Moving to the next level of complexity, the authors evaluated whether the FloChIP platform could support sequential ChIP, which can inform on the complex chromatin states of genomic sites such as DNA regulatory elements. The interconnected and modular nature of the FloChIP device allowed two consecutive immunoprecipitation steps with differing antibodies in adjacent lanes, with the chromatin immobilized and washed in the first lane being resuspended using a peptide elution strategy (Kinkley et al.) and transferred on-chip to a neighboring lane for the second immunoprecipitation before washes and tagmentation. Overall, this "sequential FloChIP" platform permitted the detection of the bivalent chromatin domains present during embryonic development by assaying genome-wide direct co-occupancy profiles for H3K27me3 and H3K4me3 in mouse embryonic stem cells. Encouragingly, the sequential FloChIP platform robustly distinguished regions displaying only H3K4me3, only H3K27me3, and bivalent domains presenting both H3K4me3 and H3K27me3. Overall, the sequential FloChIP platform represents a miniaturized, low-input (100,000 cells), and rapid (five to six hours) means of analyzing co-occurring binding events at the genome-wide scale.

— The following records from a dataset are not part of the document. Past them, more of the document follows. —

lemma tWF_sub_sound_out_le_in:
  assumes "tWF M" "tWF_sub_sound M"
    and run: "reach (place_completion M) (replicate_mset i (Inr False))
      (m + replicate_mset j (Inr True))"
  shows "j \<le> i"
proof (rule ccontr)
  assume "\<not> j \<le> i"
  then have split: "m + replicate_mset j (Inr True) =
      (m + replicate_mset (j - i) (Inr True)) + replicate_mset i (Inr True)"
    by (simp add: multiset_eq_iff)
  have "set_mset (m + replicate_mset j (Inr True)) \<subseteq> places (place_completion M)"
    using reach_preserves_places[OF petri_net_place_completion[OF assms(1)] run] by auto
  then have "set_mset (m + replicate_mset (j - i) (Inr True)) \<subseteq> places (place_completion M)"
    by auto
  from tWF_sub_soundD[OF assms(2) order_refl this] run
  have "reach (place_completion M) (m + replicate_mset (j - i) (Inr True)) {#}"
    unfolding split by simp
  then have "count (m + replicate_mset (j - i) (Inr True)) (Inr True) \<le> 0"
    using assms(1) reach_place_completion_out_mono unfolding tWF_def by fastforce
  with \<open>\<not> j \<le> i\<close> show False
    by simp
qed

locale transition_substitution =
  fixes N M :: "'a wfnet" and t :: 'a
  assumes pWF_N: "pWF N" and tWF_M: "tWF M"
    and disjoint: "nodes N \<inter> nodes M = {}" and t_trans: "t \<in> trans N"
begin

abbreviation "S \<equiv> subst_trans N t M"
abbreviation "pc \<equiv> place_completion M"

lemma petri_net_N: "petri_net N" and petri_net_M: "petri_net M"
  using pWF_N tWF_M by (simp_all add: pWF_def tWF_def)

The genome-wide profiling of transcription factor binding sites via ChIP-Seq provides additional problems compared to the detection of histone modifications (including the less abundant and weaker nature of transcription factor-DNA interactions and the lower affinity of transcription factor-specific antibodies), which requires more abundant amounts of sample input and longer incubation times. An optimized technique designed specifically for transcription factor detection using the FloChIP platform required an additional two-to-four-hour antibody/chromatin preincubation to obtain high-quality results, which they positively validated by comparing results for the C/EBPβ, PU.1, and RUNX3 transcription factors applied to chromatin isolated from 100,000 lymphoblastoid cells against known data.

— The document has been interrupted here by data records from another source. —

lemma has_integral_student_t_kernel_Ioi:
  assumes \<nu>: "\<nu> > 0"
  shows "(student_t_kernel \<nu> has_integral sqrt \<nu> / 2 * Beta (1/2) (\<nu>/2)) {0<..}"
proof -
  define g where "g u = u\<^sup>2 / (\<nu> + u\<^sup>2)" for u :: real
  define g' where "g' u = 2 * \<nu> * u / (\<nu> + u\<^sup>2)\<^sup>2" for u :: real
  define f where "f s = s powr (1/2 - 1) * (1 - s) powr (\<nu>/2 - 1)" for s :: real
  have pos: "\<nu> + u\<^sup>2 > 0" for u
    using \<nu> by (simp add: add_pos_nonneg)
  have image: "g ` {0<..} = {0<..<1}"
  proof
    show "g ` {0<..} \<subseteq> {0<..<1}"
      using pos \<nu> by (auto simp: g_def field_simps)
    show "{0<..<1} \<subseteq> g ` {0<..}"
    proof
      fix s :: real
      assume s: "s \<in> {0<..<1}"
      define u where "u = sqrt (\<nu> * s / (1 - s))"
      have "u > 0" and u2: "u\<^sup>2 = \<nu> * s / (1 - s)"
        using s \<nu> by (simp_all add: u_def)
      moreover have "\<nu> + u\<^sup>2 = \<nu> / (1 - s)"
        using s unfolding u2 by (simp add: field_simps)
      ultimately show "s \<in> g ` {0<..}"
        using s \<nu> by (intro image_eqI[of _ _ u]) (auto simp: g_def u2)
    qed
  qed
  have inj: "inj_on g {0<..}"
  proof (rule inj_onI)
    fix a b :: real
    assume "a \<in> {0<..}" "b \<in> {0<..}" "g a = g b"
    then have "\<nu> * a\<^sup>2 = \<nu> * b\<^sup>2" "a > 0" "b > 0"
      using pos[of a] pos[of b] by (auto simp: g_def frac_eq_eq algebra_simps)
    then show "a = b"
      using \<nu> by (simp add: power2_eq_iff_nonneg)
  qed
  have deriv: "(g has_field_derivative g' u) (at u within {0<..})" for u
    unfolding g_def g'_def using pos[of u]
    by (auto intro!: derivative_eq_intros simp: power2_eq_square field_simps)
  have "(f has_integral Beta (1/2) (\<nu>/2)) {0<..<1}"
    using has_integral_Beta_real[of "1/2" "\<nu>/2"] \<nu>
    unfolding f_def by (simp add: has_integral_Icc_iff_Ioo)
  moreover have "f absolutely_integrable_on {0<..<1}"
    using calculation by (subst absolutely_integrable_on_iff_nonneg) (auto simp: f_def)
  ultimately have "(\<lambda>u. \<bar>g' u\<bar> * f (g u)) absolutely_integrable_on {0<..}
      \<and> integral {0<..} (\<lambda>u. \<bar>g' u\<bar> * f (g u)) = Beta (1/2) (\<nu>/2)"
    by (intro has_absolute_integral_change_of_variables_1'[OF _ deriv inj, THEN iffD2])
       (auto simp: image integral_unique)
  then have substituted: "((\<lambda>u. \<bar>g' u\<bar> * f (g u)) has_integral Beta (1/2) (\<nu>/2)) {0<..}"
    by (metis has_integral_integral set_lebesgue_integral_eq_integral(1))
  have integrand: "\<bar>g' u\<bar> * f (g u) = 2 / sqrt \<nu> * student_t_kernel \<nu> u" if "u \<in> {0<..}" for u
    using student_t_kernel_Beta_substitution[OF \<nu>, of u] that unfolding g_def g'_def f_def by simp
  have "((\<lambda>u. 2 / sqrt \<nu> * student_t_kernel \<nu> u) has_integral Beta (1/2) (\<nu>/2)) {0<..}"
    by (rule has_integral_eq[OF integrand substituted])
  from has_integral_mult_right[OF this, of "sqrt \<nu> / 2"] show ?thesis
    using \<nu> by simp
qed

lemma has_bochner_integral_lborel_of_has_integral:
  fixes f :: "'a::euclidean_space \<Rightarrow> real"
  assumes "f \<in> borel_measurable borel" "\<And>x. 0 \<le> f x" "(f has_integral I) UNIV"
  shows "has_bochner_integral lborel f I"
proof (rule has_bochner_integral_nn_integral)
  show "0 \<le> I"
    using assms(3) by (rule has_integral_nonneg) (simp add: assms(2))
  show "(\<integral>\<^sup>+ x. ennreal (f x) \<partial>lborel) = ennreal I"
    using nn_integral_has_integral_lborel[OF assms] .
qed (use assms in auto)

lemma has_bochner_integral_student_t_kernel:
  assumes \<nu>: "\<nu> > 0"
  shows "has_bochner_integral lborel (student_t_kernel \<nu>) (sqrt \<nu> * Beta (1/2) (\<nu>/2))"
proof -
  have "negligible {x \<in> {0<..} - {0..}. student_t_kernel \<nu> x \<noteq> 0}"
       "negligible {x \<in> {0..} - {0<..}. student_t_kernel \<nu> x \<noteq> 0}"
    by (rule negligible_subset[of "{0}"]; auto)+
  then have "(student_t_kernel \<nu> has_integral sqrt \<nu> / 2 * Beta (1/2) (\<nu>/2)) {0..}"
    using has_integral_student_t_kernel_Ioi[OF \<nu>] has_integral_spike_set_eq by blast
  then have "((\<lambda>x. indicator {0..} x *\<^sub>R student_t_kernel \<nu> x)
      has_integral sqrt \<nu> / 2 * Beta (1/2) (\<nu>/2)) UNIV"
    unfolding indicator_scaleR_eq_if has_integral_restrict_UNIV .
  moreover have "(\<lambda>x. indicator {0..} x *\<^sub>R student_t_kernel \<nu> x) \<in> borel_measurable borel"
    using borel_measurable_continuous_onI[OF continuous_on_student_t_kernel[OF \<nu>]]
    by (intro borel_measurable_scaleR borel_measurable_indicator) auto
  ultimately have "has_bochner_integral lborel (\<lambda>x. indicator {0..} x *\<^sub>R student_t_kernel \<nu> x)
      (sqrt \<nu> / 2 * Beta (1/2) (\<nu>/2))"
    by (intro has_bochner_integral_lborel_of_has_integral)
       (auto simp: student_t_kernel_nonneg split: split_indicator)
  from has_bochner_integral_even_function[OF this] show ?thesis
    by simp
qed

lemma has_bochner_integral_student_t_density:
  assumes \<nu>: "\<nu> > 0"
  shows "has_bochner_integral lborel (student_t_density \<nu>) 1"
proof -
  have "Beta (1/2) (\<nu>/2) = sqrt pi * Gamma (\<nu> / 2) / Gamma ((\<nu> + 1) / 2)"
    by (simp add: Beta_def Gamma_one_half_real add_divide_distrib add.commute)
  moreover have "Gamma ((\<nu> + 1) / 2) \<noteq> 0" "Gamma (\<nu> / 2) \<noteq> 0"
    using \<nu> by (simp_all add: Gamma_real_pos less_imp_neq[symmetric])
  ultimately have "Gamma ((\<nu> + 1) / 2) / (sqrt (\<nu> * pi) * Gamma (\<nu> / 2)) * (sqrt \<nu> * Beta (1/2) (\<nu>/2)) = 1"
    using \<nu> by (simp add: real_sqrt_mult)
  moreover have "student_t_density \<nu> = (\<lambda>x. Gamma ((\<nu> + 1) / 2) / (sqrt (\<nu> * pi) * Gamma (\<nu> / 2))
      * student_t_kernel \<nu> x)"
    by (rule ext) (rule student_t_density_eq_kernel)
  ultimately show ?thesis
    using has_bochner_integral_mult_right[OF has_bochner_integral_student_t_kernel[OF \<nu>]] by metis
qed

lemma one_minus_student_t_CDF:
  assumes "\<nu> > 0"
  shows "1 - student_t_CDF \<nu> t = (LBINT x:{t<..}. student_t_density \<nu> x)"
proof -
  have "integrable lborel (student_t_density \<nu>)" and total: "(LBINT x. student_t_density \<nu> x) = 1"
    using has_bochner_integral_student_t_density[OF assms] by (auto simp: has_bochner_integral_iff)
  then have "set_integrable lborel A (student_t_density \<nu>)" if "A \<in> sets borel" for A
    unfolding set_integrable_def using that by (intro integrable_mult_indicator) auto
  then have "(LBINT x:{..t} \<union> {t<..}. student_t_density \<nu> x)
      = student_t_CDF \<nu> t + (LBINT x:{t<..}. student_t_density \<nu> x)"
    unfolding student_t_CDF_def by (intro set_integral_Un) auto
  moreover have "{..t} \<union> {t<..} = UNIV"
    by auto
  ultimately show ?thesis
    using total by (simp add: set_lebesgue_integral_def)
qed

lemma set_integral_x_mult_powr_Ioi:
  fixes a c t :: real
  assumes a: "a > 0" and c: "c > 0" and t: "t \<ge> 0"
  shows "set_integrable lborel {t<..} (\<lambda>x. x * (c + x\<^sup>2) powr (- (a + 1)))"
    and "(LBINT x:{t<..}. x * (c + x\<^sup>2) powr (- (a + 1))) = (c + t\<^sup>2) powr (- a) / (2 * a)"
proof -
  define F where "F x = - ((c + x\<^sup>2) powr (- a)) / (2 * a)" for x :: real
  have pos: "c + x\<^sup>2 > 0" for x
    using c by (simp add: add_pos_nonneg)
  have "- (a + 1) = - a - 1"
    by simp
  then have deriv: "DERIV F x :> x * (c + x\<^sup>2) powr (- (a + 1))" for x
    unfolding F_def using pos[of x] a by (auto intro!: derivative_eq_intros)
  have cont: "isCont (\<lambda>x. x * (c + x\<^sup>2) powr (- (a + 1))) x" for x
    using pos[of x] by (auto intro!: continuous_intros)
  have lim_t: "((F \<circ> real_of_ereal) \<longlongrightarrow> F t) (at_right (ereal t))"
    unfolding ereal_tendsto_simps1 using DERIV_isCont[OF deriv[of t]]
    by (simp add: isCont_def filterlim_at_split)
  have lim_infinity: "((F \<circ> real_of_ereal) \<longlongrightarrow> 0) (at_left \<infinity>)"
  proof -
    have "filterlim (\<lambda>x::real. c + x\<^sup>2) at_top at_top"
      by (intro filterlim_tendsto_add_at_top[OF tendsto_const] filterlim_pow_at_top filterlim_ident) auto
    then have "((\<lambda>x. (c + x\<^sup>2) powr (- a)) \<longlongrightarrow> 0) at_top"
      using a by (intro tendsto_neg_powr) auto
    from tendsto_divide_zero[OF tendsto_minus[OF this, simplified]] show ?thesis
      unfolding ereal_tendsto_simps1 F_def by simp
  qed
  have nonneg: "AE x in lborel. ereal t < ereal x \<longrightarrow> ereal x < \<infinity> \<longrightarrow> 0 \<le> x * (c + x\<^sup>2) powr (- (a + 1))"
    using t by auto
  note FTC = interval_integral_FTC_nonneg[of "ereal t" \<infinity> F, OF _ deriv cont nonneg lim_t lim_infinity]
  show "set_integrable lborel {t<..} (\<lambda>x. x * (c + x\<^sup>2) powr (- (a + 1)))"
      and "(LBINT x:{t<..}. x * (c + x\<^sup>2) powr (- (a + 1))) = (c + t\<^sup>2) powr (- a) / (2 * a)"
    using FTC by (simp_all add: interval_integral_to_infinity_eq F_def)
qed

lemma student_t_kernel_ge:
  assumes \<nu>: "\<nu> > 0" and x: "x \<ge> 0"
  shows "\<nu> powr ((\<nu> + 1) / 2) * (x * (\<nu> + x\<^sup>2) powr (- (\<nu> / 2 + 1))) \<le> student_t_kernel \<nu> x"
proof -
  have pos: "\<nu> + x\<^sup>2 > 0"
    using \<nu> by (simp add: add_pos_nonneg)
  have "x \<le> (\<nu> + x\<^sup>2) powr (1/2)"
    using \<nu> x pos by (simp add: powr_half_sqrt real_le_rsqrt)
  then have "x * (\<nu> + x\<^sup>2) powr (- (\<nu> / 2 + 1)) \<le> (\<nu> + x\<^sup>2) powr (1/2) * (\<nu> + x\<^sup>2) powr (- (\<nu> / 2 + 1))"
    by (simp add: mult_right_mono)
  also have "\<dots> = (\<nu> + x\<^sup>2) powr (- (\<nu> + 1) / 2)"
    by (simp add: powr_add[symmetric] field_simps)
  finally show ?thesis
    using \<nu> by (simp add: student_t_kernel_eq mult_left_mono)
qed

lemma student_t_tail_ge:
  assumes \<nu>: "\<nu> > 0" and t: "t \<ge> 0"
  shows "Gamma ((\<nu> + 1) / 2) / (sqrt pi * Gamma (\<nu> / 2)) * \<nu> powr (\<nu> / 2 - 1) * (\<nu> + t\<^sup>2) powr (- (\<nu> / 2))
           \<le> 1 - student_t_CDF \<nu> t"
proof -
  define C where "C = Gamma ((\<nu> + 1) / 2) / (sqrt (\<nu> * pi) * Gamma (\<nu> / 2))"
  define m where "m x = C * \<nu> powr ((\<nu> + 1) / 2) * (x * (\<nu> + x\<^sup>2) powr (- (\<nu> / 2 + 1)))" for x
  have C: "C > 0"
    using \<nu> by (simp add: C_def Gamma_real_pos)
  note tail = set_integral_x_mult_powr_Ioi[of "\<nu> / 2" \<nu> t]
  have "set_integrable lborel {t<..} m"
    using tail \<nu> t unfolding m_def by (auto intro: set_integrable_mult_right)
  moreover have "set_integrable lborel {t<..} (student_t_density \<nu>)"
    using has_bochner_integral_student_t_density[OF \<nu>] unfolding set_integrable_def
    by (intro integrable_mult_indicator) (auto simp: has_bochner_integral_iff)
  moreover have "m x \<le> student_t_density \<nu> x" if "x \<in> {t<..}" for x
    using student_t_kernel_ge[OF \<nu>, of x] that t C
    by (simp add: m_def student_t_density_eq_kernel C_def[symmetric] mult.assoc mult_left_mono)
  ultimately have tail_ge_minorant: "(LBINT x:{t<..}. m x) \<le> 1 - student_t_CDF \<nu> t"
    unfolding one_minus_student_t_CDF[OF \<nu>] by (rule set_integral_mono)
  have "\<nu> powr ((\<nu> + 1) / 2) = \<nu> powr (\<nu> / 2 - 1) * \<nu> * sqrt \<nu>"
  proof -
    have "(\<nu> + 1) / 2 = (\<nu> / 2 - 1) + 1 + 1/2"
      by (simp add: field_simps)
    then have "\<nu> powr ((\<nu> + 1) / 2) = \<nu> powr (\<nu> / 2 - 1) * \<nu> powr 1 * \<nu> powr (1/2)"
      by (simp only: powr_add)
    then show ?thesis
      using \<nu> by (simp add: powr_half_sqrt)
  qed
  then have "Gamma ((\<nu> + 1) / 2) / (sqrt pi * Gamma (\<nu> / 2)) * \<nu> powr (\<nu> / 2 - 1) * (\<nu> + t\<^sup>2) powr (- (\<nu> / 2))
      = C * \<nu> powr ((\<nu> + 1) / 2) * ((\<nu> + t\<^sup>2) powr (- (\<nu> / 2)) / \<nu>)"
    using \<nu> by (simp add: C_def real_sqrt_mult)
  also have "\<dots> = (LBINT x:{t<..}. m x)"
    using tail \<nu> t unfolding m_def by (simp add: set_integral_mult_right)
  finally show ?thesis
    using tail_ge_minorant by simp
qed

lemma half_pred_le_powr:
  fixes v :: real
  assumes "v \<ge> 2"
  shows "(v - 1) / 2 \<le> v powr (v / 2 - 1)"
proof (cases "v \<le> 3")
  case True
  then show ?thesis
    using assms ge_one_powr_ge_zero[of v "v / 2 - 1"] by simp
next
  case False
  show ?thesis
  proof (cases "v \<le> 4")
    case True
    have "3/2 \<le> sqrt v"
      using False by (intro real_le_rsqrt) (simp add: power2_eq_square)
    moreover have "v powr (1/2) \<le> v powr (v/2 - 1)"
      using False by (intro powr_mono) auto
    ultimately show ?thesis
      using True assms by (simp add: powr_half_sqrt)
  next
    case False
    then have "v powr 1 \<le> v powr (v/2 - 1)"
      by (intro powr_mono) auto
    then show ?thesis
      using False by simp
  qed
qed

Following this successful validation, the authors turned the FloChIP platform to the exploration of the MEF2A transcription factor binding profiles in chromatin isolated from lymphoblastoid cell lines derived from thirty-two unrelated European individuals (genomes sequenced and aligned to the hg19 assembly as part of the 1000 Genomes Project). Fascinatingly, they discovered that MEF2A helps to control the gene regulatory network underlying lymphoblastoid cell proliferation but functions as a component of a larger complex of collaborating transcription factors; indeed, RUNX3 and MEF2A cooperate, with RUNX3 driving MEF2A DNA binding. Overall, these findings demonstrate the value of the FloChIP platform in facilitating the straightforward acquisition of transcription factor-binding data.